▶ **Activity**
Pull out every line below holding the word "thesis".

▶ **Task inputs**
(* Let $\mathcal N$ be a network with a binary collision profile and character $D^*$. For every integer $T\ge\max(D^*,1)$, $\mathcal R^{(\mathcal M_T,\mathcal E_T)}\subseteq\mathcal R^{\mathcal N}$ (and hence, together with $\mathcal R^{\mathcal N}\subseteq\mathcal R^{(\mathcal M_T,\mathcal E_T)}$, equality holds).
   Context: A network is a triple $\mathcal N=(\mathcal L,\mathcal I,D_{\mathcal L})$ where $\mathcal L$ is a finite nonempty set of links, each $\mathcal I(l)$ is a collection of nonempty subsets of $\mathcal L$, and $D_{\mathcal L}$ assigns an integer $D_{\mathcal L}(l,l')$ to every pair with $l'\in\phi$ for some $\phi\in\mathcal I(l)$. The profile is binary if every $\phi\in\mathcal I(l)$ is a singleton. The character is $D^*=\max_{l}\max_{\phi\in\mathcal I(l)}\max_{l'\in\phi}|D_{\mathcal L}(l,l')|$ (0 if there are no collision sets). A schedule is a map $S:\mathcal L\times\mathbb Z\to\{0,1\}$; $S(l,t)$ has a collision if there is $\phi\in\mathcal I(l)$ with $S(l',t+D_{\mathcal L}(l,l'))=1$ for all $l'\in\phi$; $S$ is collision free if no $(l,t)$ with $S(l,t)=1$ has a collision. $R_S(l)=\lim_{T\to\infty}\frac1T\sum_{t=0}^{T-1}\iota\big(S(l,t)=1\text{ and collision free}\big)$ when it exists; $R_S=(R_S(l))_l$. A nonnegative vector $R\in[0,\infty)^{\mathcal L}$ is achievable if for every $\epsilon>0$ some schedule $S$ has a rate vector with $R_S(l)\ge R(l)-\epsilon$ for all $l$; $\mathcal R^{\mathcal N}$ is the set of achievable nonnegative vectors. $S[T,k]$ is the $|\mathcal L|\times T$ binary matrix with $S[T,k](l,j)=S(l,kT+j)$. The scheduling graph $(\mathcal M_T,\mathcal E_T)$ has vertex set $\mathcal M_T$ = all $|\mathcal L|\times T$ binary matrices $A$ with $A=S[T,0]$ for some collision-free schedule $S$, and edge set $\mathcal E_T$ = all pairs $(A,B)$ with $A=S[T,0]$, $B=S[T,1]$ for some collision-free $S$. A cycle is a sequence $(A_0,\dots,A_k)$, $k\ge1$, with $(A_i,A_{i+1})\in\mathcal E_T$, $A_k=A_0$, and $A_0,\dots,A_{k-1}$ pairwise distinct; its rate vector is $R_C=\frac{1}{kT}\sum_{i=0}^{k-1}A_i\mathbf 1$. $\mathcal R^{(\mathcal M_T,\mathcal E_T)}$ is the convex hull of the rate vectors of all cycles. *)

theory Defs
  imports "HOL-Analysis.Analysis"
begin
(* Let $g_1,\dots,g_p:\mathbb{R}^n\to\mathbb{R}$ be convex and twice continuously differentiable, and let $\tau_{\mu_1},\dots,\tau_{\mu_p}>0$. Consider the system with state $\mu=(\mu_1,\dots,\mu_p)$, $\mu_i(0)\ge 0$, driven by a differentiable input $\tilde u(t)\in\mathbb{R}^n$: $$\tau_{\mu_i}\dot\mu_i=(g_i(\tilde u))^+_{\mu_i},\qquad (g_i(\tilde u))^+_{\mu_i}=\begin{cases} g_i(\tilde u) & \text{if } \mu_i>0 \text{ or } g_i(\tilde u)>0,\\ 0 & \text{otherwise},\end{cases}$$ $i=1,\dots,p$. Let $\mathcal P$ be the power set of $\{1,\dots,p\}$ and define the switching signal $\sigma:[0,\infty)\to\mathcal P$ by $\sigma(t)=\{i: \mu_i(t)=0 \text{ and } g_i(\tilde u(t))\le 0\}$, so that $\tau_{\mu_i}\dot\mu_i=g_i(\tilde u)$ for $i\notin\sigma(t)$ and $\tau_{\mu_i}\dot\mu_i=0$ for $i\in\sigma(t)$. For each $\sigma_q\in\mathcal P$ define the storage function $S_{\sigma_q}(\mu)=\frac12\sum_{i\notin\sigma_q}\tau_{\mu_i}\dot\mu_i^2$. Let $u_s=\dot{\tilde u}$ and $y_s=\dot{\tilde y}$, where $\tilde y=\sum_{i=1}^p\mu_i\nabla_{\tilde u}g_i(\tilde u)$. Then the switched system is passive with the multiple storage functions $S_{\sigma_q}$, input $u_s$ and output $y_s$ in the following sense: for each $\sigma_p\in\mathcal P$ and every pair of switching times $t_i<t_j$ such that $\sigma(t_i)=\sigma(t_j)=\sigma_p$ and $\sigma(t_k)\neq\sigma_p$ for all switching times $t_k$ with $t_i<t_k<t_j$, $$S_{\sigma_p}(\mu(t_j))-S_{\sigma_p}(\mu(t_i))\le\int_{t_i}^{t_j}u_s^\top y_s\,dt.$$
   Context: The storage functions are evaluated along solutions, where $\dot\mu_i$ is given by the dynamics; switching times are the times at which $\sigma(t)$ changes value. *)

theory Defs
  imports "HOL-Analysis.Analysis"
begin

definition C2_fun :: "('a::euclidean_space \<Rightarrow> real) \<Rightarrow> bool" where
  "C2_fun f \<longleftrightarrow> (\<exists>(f' :: 'a \<Rightarrow> ('a \<Rightarrow>\<^sub>L real)) (f'' :: 'a \<Rightarrow> ('a \<Rightarrow>\<^sub>L ('a \<Rightarrow>\<^sub>L real))).
      (\<forall>x. (f has_derivative blinfun_apply (f' x)) (at x)) \<and>
      (\<forall>x. (f' has_derivative blinfun_apply (f'' x)) (at x)) \<and>
      continuous_on UNIV f'')"

definition proj_plus :: "real \<Rightarrow> real \<Rightarrow> real" where
  "proj_plus gv m = (if m > 0 \<or> gv > 0 then gv else 0)"

definition switching_signal ::
  "nat \<Rightarrow> (nat \<Rightarrow> 'a \<Rightarrow> real) \<Rightarrow> (real \<Rightarrow> 'a) \<Rightarrow> (nat \<Rightarrow> real \<Rightarrow> real) \<Rightarrow> real \<Rightarrow> nat set" where
  "switching_signal p g u mu t = {i \<in> {1..p}. mu i t = 0 \<and> g i (u t) \<le> 0}"

definition switching_time :: "(real \<Rightarrow> 'b) \<Rightarrow> real \<Rightarrow> bool" where
  "switching_time sig t \<longleftrightarrow> t \<ge> 0 \<and> (\<forall>e>0. \<exists>s\<ge>0. \<bar>s - t\<bar> < e \<and> sig s \<noteq> sig t)"

text \<open>Storage function S_{sigma_q} = 1/2 * sum_{i notin sigma_q} tau_i * mudot_i^2,
  where mudot is the vector of state derivatives given by the dynamics.\<close>
definition storage :: "nat \<Rightarrow> (nat \<Rightarrow> real) \<Rightarrow> nat set \<Rightarrow> (nat \<Rightarrow> real) \<Rightarrow> real" where
  "storage p tau sq mudot = (1/2) * (\<Sum>i\<in>{1..p} - sq. tau i * (mudot i)\<^sup>2)"

end

theory Submission
  imports Defs
begin

text \<open>Let \<open>E(t) = \<Sum>\<^sub>i \<tau>\<^sub>i \<mu>\<^sub>i'(t)\<^sup>2 / 2\<close>. Whenever \<open>\<sigma>(t) = \<sigma>\<^sub>p\<close>, the storage function
  \<open>S\<^bsub>\<sigma>\<^sub>p\<^esub>\<close> equals \<open>E(t)\<close>, since the indices it omits have \<open>\<mu>\<^sub>i' = 0\<close>. So it suffices to
  show \<open>E(t\<^sub>j) - E(t\<^sub>i) \<le> \<integral> u\<^sub>s\<^sup>T y\<^sub>s\<close> on every interval. While constraint \<open>i\<close> is
  active its energy is \<open>g\<^sub>i(u)\<^sup>2 / (2 \<tau>\<^sub>i)\<close>, with derivative \<open>\<mu>\<^sub>i' \<nabla>g\<^sub>i(u)\<^sup>T u'\<close>; an
  inactive term is zero and can only leave zero through a point where \<open>g\<^sub>i(u) = 0\<close>,
  where it is dominated by the active energy. On the other hand
  \<open>u\<^sub>s\<^sup>T y\<^sub>s = \<Sum>\<^sub>i \<mu>\<^sub>i' \<nabla>g\<^sub>i(u)\<^sup>T u' + \<Sum>\<^sub>i \<mu>\<^sub>i u'\<^sup>T (\<nabla>g\<^sub>i(u))'\<close>, and the second sum is
  nonnegative because \<open>\<mu>\<^sub>i \<ge> 0\<close> and gradients of convex functions are monotone. As \<open>E\<close>
  need not be differentiable, the growth bound is expressed by one-sided Dini derivatives
  and integrated with gauges.\<close>

definition right_slope_le :: "(real \<Rightarrow> real) \<Rightarrow> real \<Rightarrow> real \<Rightarrow> bool" where
  "right_slope_le h D t \<longleftrightarrow> (\<forall>e>0. \<forall>\<^sub>F s in at_right t. h s - h t \<le> (D + e) * (s - t))"

definition left_slope_le :: "(real \<Rightarrow> real) \<Rightarrow> real \<Rightarrow> real \<Rightarrow> bool" where
  "left_slope_le h D t \<longleftrightarrow> (\<forall>e>0. \<forall>\<^sub>F s in at_left t. h t - h s \<le> (D + e) * (t - s))"

lemma left_slope_le_iff_reflect:
  "left_slope_le h D t \<longleftrightarrow> right_slope_le (\<lambda>s. - h (- s)) D (- t)"
  unfolding left_slope_le_def right_slope_le_def at_left_minus eventually_filtermap
  by (simp add: algebra_simps)

lemma right_slope_le_if_has_derivative:
  assumes "(h has_real_derivative D) (at_right t)"
  shows "right_slope_le h D t"
  unfolding right_slope_le_def
proof (intro allI impI)
  fix e :: real assume "e > 0"
  have "((\<lambda>s. (h s - h t) / (s - t)) \<longlongrightarrow> D) (at_right t)"
    using assms by (simp add: has_field_derivative_iff)
  then have "\<forall>\<^sub>F s in at_right t. (h s - h t) / (s - t) < D + e"
    using \<open>e > 0\<close> by (intro order_tendstoD(2)) auto
  with eventually_at_right_less[of t]
  show "\<forall>\<^sub>F s in at_right t. h s - h t \<le> (D + e) * (s - t)"
    by eventually_elim (simp add: divide_less_eq)
qed

lemma left_slope_le_if_has_derivative:
  assumes "(h has_real_derivative D) (at t)"
  shows "left_slope_le h D t"
proof -
  have "(h has_real_derivative D) (at (- (- t)))"
    using assms by simp
  from DERIV_minus[OF DERIV_mirror[THEN iffD1, OF this]]
  have "((\<lambda>s. - h (- s)) has_real_derivative D) (at (- t))"
    by simp
  then have "((\<lambda>s. - h (- s)) has_real_derivative D) (at_right (- t))"
    by (rule has_field_derivative_at_within)
  then show ?thesis
    unfolding left_slope_le_iff_reflect by (rule right_slope_le_if_has_derivative)
qed

lemma right_slope_le_increment_mono:
  assumes "right_slope_le h D t" and "\<forall>\<^sub>F s in at_right t. k s - k t \<le> h s - h t"
  shows "right_slope_le k D t"
  unfolding right_slope_le_def
proof (intro allI impI)
  fix e :: real assume "e > 0"
  with assms(1) have "\<forall>\<^sub>F s in at_right t. h s - h t \<le> (D + e) * (s - t)"
    by (simp add: right_slope_le_def)
  with assms(2) show "\<forall>\<^sub>F s in at_right t. k s - k t \<le> (D + e) * (s - t)"
    by eventually_elim simp
qed

lemma left_slope_le_increment_mono:
  assumes "left_slope_le h D t" and "\<forall>\<^sub>F s in at_left t. k t - k s \<le> h t - h s"
  shows "left_slope_le k D t"
  using assms unfolding left_slope_le_iff_reflect
  by (elim right_slope_le_increment_mono) (simp add: at_left_minus eventually_filtermap)

lemma right_slope_le_sum:
  assumes "finite I" and "\<And>i. i \<in> I \<Longrightarrow> right_slope_le (h i) (D i) t"
    and "(\<Sum>i\<in>I. D i) \<le> F"
  shows "right_slope_le (\<lambda>s. \<Sum>i\<in>I. h i s) F t"
  unfolding right_slope_le_def
proof (intro allI impI)
  fix e :: real assume "e > 0"
  define e' where "e' = e / (real (card I) + 1)"
  have "e' > 0" and card_e': "real (card I) * e' \<le> e"
    using \<open>e > 0\<close> by (simp_all add: e'_def field_simps)
  have "\<forall>\<^sub>F s in at_right t. \<forall>i\<in>I. h i s - h i t \<le> (D i + e') * (s - t)"
    using assms(1,2) \<open>e' > 0\<close> by (auto simp: right_slope_le_def intro!: eventually_ball_finite)
  with eventually_at_right_less[of t]
  show "\<forall>\<^sub>F s in at_right t. (\<Sum>i\<in>I. h i s) - (\<Sum>i\<in>I. h i t) \<le> (F + e) * (s - t)"
  proof eventually_elim
    case (elim s)
    have "(\<Sum>i\<in>I. h i s) - (\<Sum>i\<in>I. h i t) \<le> (\<Sum>i\<in>I. (D i + e') * (s - t))"
      unfolding sum_subtractf[symmetric] using elim by (intro sum_mono) auto
    also have "\<dots> = ((\<Sum>i\<in>I. D i) + real (card I) * e') * (s - t)"
      by (simp add: sum_distrib_right[symmetric] sum.distrib)
    also have "\<dots> \<le> (F + e) * (s - t)"
      using elim(1) card_e' assms(3) by (intro mult_right_mono) auto
    finally show ?case .
  qed
qed

lemma left_slope_le_sum:
  assumes "finite I" and "\<And>i. i \<in> I \<Longrightarrow> left_slope_le (h i) (D i) t"
    and "(\<Sum>i\<in>I. D i) \<le> F"
  shows "left_slope_le (\<lambda>s. \<Sum>i\<in>I. h i s) F t"
proof -
  have "right_slope_le (\<lambda>s. \<Sum>i\<in>I. - h i (- s)) F (- t)"
    using assms by (intro right_slope_le_sum) (auto simp: left_slope_le_iff_reflect)
  then show ?thesis
    by (simp add: left_slope_le_iff_reflect sum_negf)
qed

lemma right_slope_le_imp_local_bound:
  assumes "right_slope_le h D t" and "e > 0"
  shows "\<exists>d>0. \<forall>s. t < s \<longrightarrow> s < t + d \<longrightarrow> h s - h t \<le> (D + e) * (s - t)"
proof -
  obtain c where "c > t" and "\<forall>s. t < s \<longrightarrow> s < c \<longrightarrow> h s - h t \<le> (D + e) * (s - t)"
    using assms by (auto simp: right_slope_le_def eventually_at_right_field)
  then show ?thesis by (intro exI[of _ "c - t"]) auto
qed

lemma left_slope_le_imp_local_bound:
  assumes "left_slope_le h D t" and "e > 0"
  shows "\<exists>d>0. \<forall>s. t - d < s \<longrightarrow> s < t \<longrightarrow> h t - h s \<le> (D + e) * (t - s)"
proof -
  obtain c where "c < t" and "\<forall>s. c < s \<longrightarrow> s < t \<longrightarrow> h t - h s \<le> (D + e) * (t - s)"
    using assms by (auto simp: left_slope_le_def eventually_at_left_field)
  then show ?thesis by (intro exI[of _ "t - c"]) auto
qed

lemma increment_le_tagged_sum:
  fixes G f :: "real \<Rightarrow> real"
  assumes "a \<le> b" and div: "\<D> tagged_division_of {a..b}"
    and fine: "(\<lambda>t. ball t (d t)) fine \<D>"
    and right: "\<And>t s. t \<in> {a..<b} \<Longrightarrow> t < s \<Longrightarrow> s < t + d t \<Longrightarrow> G s - G t \<le> (f t + e) * (s - t)"
    and left: "\<And>t s. t \<in> {a<..b} \<Longrightarrow> t - d t < s \<Longrightarrow> s < t \<Longrightarrow> G t - G s \<le> (f t + e) * (t - s)"
  shows "G b - G a \<le> (\<Sum>(x, K)\<in>\<D>. Henstock_Kurzweil_Integration.content K *\<^sub>R f x) + e * (b - a)"
proof -
  have cell: "G (Sup K) - G (Inf K) \<le> Henstock_Kurzweil_Integration.content K * f x
      + e * Henstock_Kurzweil_Integration.content K" if xK: "(x, K) \<in> \<D>" for x K
  proof -
    obtain c c' where K: "K = {c..c'}" "x \<in> K" "K \<subseteq> {a..b}" "K \<noteq> {}"
      using tagged_division_ofD(2,3,4)[OF div xK] by (metis box_real(2) empty_iff)
    then have cx: "c \<le> x" "x \<le> c'" "a \<le> c" "c' \<le> b" by auto
    have "K \<subseteq> ball x (d x)" "c \<in> K" "c' \<in> K"
      using fine xK K cx by (auto simp: fine_def)
    then have "x - d x < c" "c' < x + d x"
      by (auto simp: subset_eq dist_real_def)
    with cx have "G c' - G x \<le> (f x + e) * (c' - x)" "G x - G c \<le> (f x + e) * (x - c)"
      using right[of x c'] left[of x c] by (auto simp: le_less)
    then show ?thesis
      using K cx by (simp add: algebra_simps)
  qed
  have "G b - G a = (\<Sum>(x, K)\<in>\<D>. G (Sup K) - G (Inf K))"
    using additive_tagged_division_1[OF \<open>a \<le> b\<close> div, of G] by simp
  also have "\<dots> \<le> (\<Sum>(x, K)\<in>\<D>. Henstock_Kurzweil_Integration.content K * f x
      + e * Henstock_Kurzweil_Integration.content K)"
    using cell by (intro sum_mono) auto
  also have "\<dots> = (\<Sum>(x, K)\<in>\<D>. Henstock_Kurzweil_Integration.content K *\<^sub>R f x)
      + e * (\<Sum>(x, K)\<in>\<D>. Henstock_Kurzweil_Integration.content K)"
    by (simp add: sum.distrib sum_distrib_left case_prod_unfold)
  also have "(\<Sum>(x, K)\<in>\<D>. Henstock_Kurzweil_Integration.content K) = b - a"
    using additive_content_tagged_division[of \<D> a b] div \<open>a \<le> b\<close> by simp
  finally show ?thesis .
qed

▶ **Written answer**
  then show ?thesis
  then show ?thesis
  then show ?thesis by (intro exI[of _ "c - t"]) auto
  then show ?thesis by (intro exI[of _ "t - c"]) auto
    then show ?thesis
  finally show ?thesis .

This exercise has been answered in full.